A line from a song keeps running in my head - "Don't let this fading summer pass you by."
Hello, old friends, I'm back to blogging this month! There are so many recipes I've made that I haven't posted, and while I'm going to Iceland in just THREE (!) days, I still haven't even written about Vermont yet. But, I'm back. Back to a messy kitchen and a flour-covered camera. Back to cakes, back to breads. I'm trying my hand at savory more, as you've probably seen the last 3 recipes on here.
I needed the time away. Sometimes I get gripped by the inextricable need to be a quitter, a runaway. I don't think it's a fault of mine, but it makes it hard to stick around long enough to see something blossom into success. I get bored. I get discouraged. I burn out. This summer, my priorities shifted a bit since we're back in Pennsylvania at our own house now. I'm doing more with Nolan's family, like weddings, showers, and christenings. I'm busier with housework, farm work, and my full-time job. So I didn't document what I ate as much lately. I haven't really been active on instagram. I haven't let the fading summer pass me by just yet.

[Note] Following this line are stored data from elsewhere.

lemma stretch_maximizer_orthogonal:
  assumes v: "v \<in> unit_perp n p j" and max: "\<forall>x\<in>unit_perp n p j. stretch n M x \<le> stretch n M v"
    and y: "\<forall>i\<ge>n. y i = 0" "\<forall>l<j. dot n y (p l) = 0" "dot n v y = 0"
  shows "dot n (mat_app n M v) (mat_app n M y) = 0"
proof (rule quadratic_nonpos_imp_linear_coeff_zero)
  fix t :: real
  define z where "z = (\<lambda>i. v i + t * y i)"
  have vK: "\<forall>i\<ge>n. v i = 0" "dot n v v = 1" "\<forall>l<j. dot n v (p l) = 0" using v by (auto simp: unit_perp_def)
  have zs: "\<forall>i\<ge>n. z i = 0" using vK y by (simp add: z_def)
  have zo: "\<forall>l<j. dot n z (p l) = 0" using vK y by (simp add: z_def dot_add_scaled)
  have "stretch n M z \<le> stretch n M v * dot n z z" by (rule stretch_le_max_times_dot_self[OF v max zs zo])
  moreover have "dot n z z = 1 + t^2 * dot n y y"
    unfolding z_def dot_self_add_scaled using vK y by simp
  moreover have "stretch n M z = stretch n M v + 2 * t * dot n (mat_app n M v) (mat_app n M y) + t^2 * stretch n M y"
    unfolding stretch_def z_def mat_app_add_scaled dot_self_add_scaled by simp
  ultimately show "2 * t * dot n (mat_app n M v) (mat_app n M y) + t^2 * (stretch n M y - stretch n M v * dot n y y) \<le> 0"
    by (simp add: algebra_simps)
qed

definition greedy_next :: "nat \<Rightarrow> (nat\<Rightarrow>nat\<Rightarrow>real) \<Rightarrow> (nat \<Rightarrow> nat \<Rightarrow> real) \<Rightarrow> nat \<Rightarrow> (nat \<Rightarrow> real)" where
  "greedy_next n M p j = (SOME v. v \<in> unit_perp n p j \<and> (\<forall>x\<in>unit_perp n p j. stretch n M x \<le> stretch n M v))"

fun greedy_list :: "nat \<Rightarrow> (nat\<Rightarrow>nat\<Rightarrow>real) \<Rightarrow> nat \<Rightarrow> (nat\<Rightarrow>real) list" where
  "greedy_list n M 0 = []"
| "greedy_list n M (Suc j) = greedy_list n M j @ [greedy_next n M (\<lambda>l. greedy_list n M j ! l) j]"

definition greedy_basis :: "nat \<Rightarrow> (nat\<Rightarrow>nat\<Rightarrow>real) \<Rightarrow> nat \<Rightarrow> (nat\<Rightarrow>real)" where
  "greedy_basis n M l = greedy_list n M (Suc l) ! l"

lemma length_greedy_list: "length (greedy_list n M j) = j"
  by (induction j) auto

lemma nth_greedy_list: "l < j \<Longrightarrow> greedy_list n M j ! l = greedy_basis n M l"
proof (induction j)
  case 0 then show ?case by simp
next
  case (Suc j)
  show ?case
  proof (cases "l < j")
    case True then show ?thesis using Suc by (simp add: nth_append length_greedy_list)
  next
    case False then have "l = j" using Suc by simp
    then show ?thesis by (simp add: greedy_basis_def)
  qed
qed

lemma unit_perp_cong: "(\<And>l. l < j \<Longrightarrow> p l = q l) \<Longrightarrow> unit_perp n p j = unit_perp n q j"
  unfolding unit_perp_def by auto

lemma unit_perp_antimono: "j \<le> j' \<Longrightarrow> unit_perp n p j' \<subseteq> unit_perp n p j"
  unfolding unit_perp_def by auto

lemma greedy_basis_unfold: "greedy_basis n M j = greedy_next n M (greedy_basis n M) j"
proof -
  have "greedy_basis n M j = greedy_next n M (\<lambda>l. greedy_list n M j ! l) j" by (simp add: greedy_basis_def nth_append length_greedy_list)
  also have "\<dots> = greedy_next n M (greedy_basis n M) j"
    unfolding greedy_next_def using unit_perp_cong[of j "\<lambda>l. greedy_list n M j ! l" "greedy_basis n M" n] nth_greedy_list[of _ j n M] by simp
  finally show ?thesis .
qed

lemma orthonormal_if_unit_perp:
  assumes "\<And>l. l < j \<Longrightarrow> p l \<in> unit_perp n p l" and "l < j" "l' < j"
  shows "dot n (p l) (p l') = (if l = l' then 1 else 0)"
  using assms(1)[OF assms(2)] assms(1)[OF assms(3)]
  by (cases l l' rule: linorder_cases) (auto simp: unit_perp_def dot_commute)

lemma greedy_basis_maximizes:
  "j < n \<Longrightarrow> greedy_basis n M j \<in> unit_perp n (greedy_basis n M) j \<and>
     (\<forall>x\<in>unit_perp n (greedy_basis n M) j. stretch n M x \<le> stretch n M (greedy_basis n M j))"
proof (induction j rule: less_induct)
  case (less j)
  have "dot n (greedy_basis n M l) (greedy_basis n M l') = (if l = l' then 1 else 0)" if "l < j" "l' < j" for l l'
    using less that by (intro orthonormal_if_unit_perp[where j=j]) auto
  then have "unit_perp n (greedy_basis n M) j \<noteq> {}" using unit_perp_nonempty less.prems by blast
  then have "\<exists>v. v \<in> unit_perp n (greedy_basis n M) j \<and> (\<forall>x\<in>unit_perp n (greedy_basis n M) j. stretch n M x \<le> stretch n M v)"
    using stretch_attains_max by blast
  then show ?case unfolding greedy_basis_unfold[of n M j] greedy_next_def by (rule someI_ex)
qed

lemma greedy_basis_orthonormal:
  "l < n \<Longrightarrow> l' < n \<Longrightarrow> dot n (greedy_basis n M l) (greedy_basis n M l') = (if l = l' then 1 else 0)"
  using greedy_basis_maximizes by (intro orthonormal_if_unit_perp[where j=n]) auto

lemma greedy_basis_support: "l < n \<Longrightarrow> i \<ge> n \<Longrightarrow> greedy_basis n M l i = 0"
  using greedy_basis_maximizes[of l n M] by (auto simp: unit_perp_def)

lemma greedy_basis_image_orthogonal: "l < l' \<Longrightarrow> l' < n \<Longrightarrow> dot n (mat_app n M (greedy_basis n M l)) (mat_app n M (greedy_basis n M l')) = 0"
proof -
  assume a: "l < l'" "l' < n"
  have g: "greedy_basis n M l \<in> unit_perp n (greedy_basis n M) l" "\<forall>x\<in>unit_perp n (greedy_basis n M) l. stretch n M x \<le> stretch n M (greedy_basis n M l)"
    using greedy_basis_maximizes[of l n M] a by auto
  have K': "greedy_basis n M l' \<in> unit_perp n (greedy_basis n M) l'" using greedy_basis_maximizes[of l' n M] a by auto
  show ?thesis
  proof (rule stretch_maximizer_orthogonal[OF g])
    show "\<forall>i\<ge>n. greedy_basis n M l' i = 0" using K' by (auto simp: unit_perp_def)
    show "\<forall>i<l. dot n (greedy_basis n M l') (greedy_basis n M i) = 0" using K' a by (auto simp: unit_perp_def)
    show "dot n (greedy_basis n M l) (greedy_basis n M l') = 0" using greedy_basis_orthonormal[of l n l' M] a by simp
  qed
qed

lemma stretch_greedy_basis_antimono: "l \<le> l' \<Longrightarrow> l' < n \<Longrightarrow> stretch n M (greedy_basis n M l') \<le> stretch n M (greedy_basis n M l)"
proof -
  assume a: "l \<le> l'" "l' < n"
  have "greedy_basis n M l' \<in> unit_perp n (greedy_basis n M) l" using greedy_basis_maximizes[of l' n M] a unit_perp_antimono[OF a(1)] by auto
  then show ?thesis using greedy_basis_maximizes[of l n M] a by auto
qed

lemma index_mult_mat_sum: "A \<in> carrier_mat n n \<Longrightarrow> B \<in> carrier_mat n n \<Longrightarrow> i < n \<Longrightarrow> j < n \<Longrightarrow>
   (A * B) $$ (i,j) = (\<Sum>k<n. A $$ (i,k) * B $$ (k,j))"
  by (simp add: scalar_prod_def row_def col_def atLeast0LessThan)

lemma index_transpose_mult_self_sum: "A \<in> carrier_mat n n \<Longrightarrow> i < n \<Longrightarrow> j < n \<Longrightarrow>
   (A\<^sup>T * A) $$ (i,j) = (\<Sum>k<n. A $$ (k,i) * A $$ (k,j))"
  by (subst index_mult_mat_sum[of _ n]) (auto intro!: sum.cong)

lemma det_transpose_mult_self: "A \<in> carrier_mat n n \<Longrightarrow> Determinant.det (A\<^sup>T * A) = (Determinant.det A)^2"
  by (simp add: det_mult det_transpose power2_eq_square)

lemma prod_list_map_upt: "prod_list (map f [0..<n]) = (\<Prod>i<n. f i)"
  by (induction n) auto

lemma det_diagonal: assumes "A \<in> carrier_mat n n" "\<And>i j. i < n \<Longrightarrow> j < n \<Longrightarrow> i \<noteq> j \<Longrightarrow> A $$ (i,j) = 0"
  shows "Determinant.det A = (\<Prod>i<n. A $$ (i,i))"
proof -
  have "Determinant.det A = prod_list (diag_mat A)"
    by (rule det_upper_triangular[OF _ assms(1)]) (use assms in auto)
  also have "\<dots> = (\<Prod>i<n. A $$ (i,i))" using assms(1) by (simp add: diag_mat_def prod_list_map_upt)
  finally show ?thesis .
qed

With so many weekends away and trips to plan, we've been making more meals that are thrown together, roasted or sauteed for flavor, and all in one pan. The below is no different. In fact, it's the best kind of cookery that I enjoy the most. Easy, comforting, quick to keep the kitchen cool when it's muggy outside. In just weeks it will be cool and I'll want to have the oven on all the time. But for now, with the windows open and a breeze rustling the hair the nape of Elsa's neck, nothing is better than a quick meal so I have more time for connecting with the home I built and love so much.
Quick (and adaptable!) Cannellini Dinner!
- 4 slices of bacon, roughly chopped
- 15-20 green beans
- 2 cups kale, chopped with stems removed
- 2 cans 16 oz cannellini beans, drained
- 1 clove garlic, diced
- Salt and pepper to taste (about 1 teaspoon of each for me!)
- 1 or 2 hardboiled eggs
- Juice of 1/2 a lemon
- In a large skillet, add bacon and begin to cook
- When browned and crisp around the edges, add your green beans and begin to cook down
- As the green beans cook, they will crisp around the tips and turn a vibrant green, turn heat to medium-low
- Next, add your kale and allow to wilt
- Add cannellini beans and stir constantly to warm
- Finally, add your garlic, salt and pepper
- Transfer to a bowl, add your egg and a squeeze of lemon and enjoy!
Note: You can really use any vegetables or meat for this, just follow the basic recipe to mix it up however you want!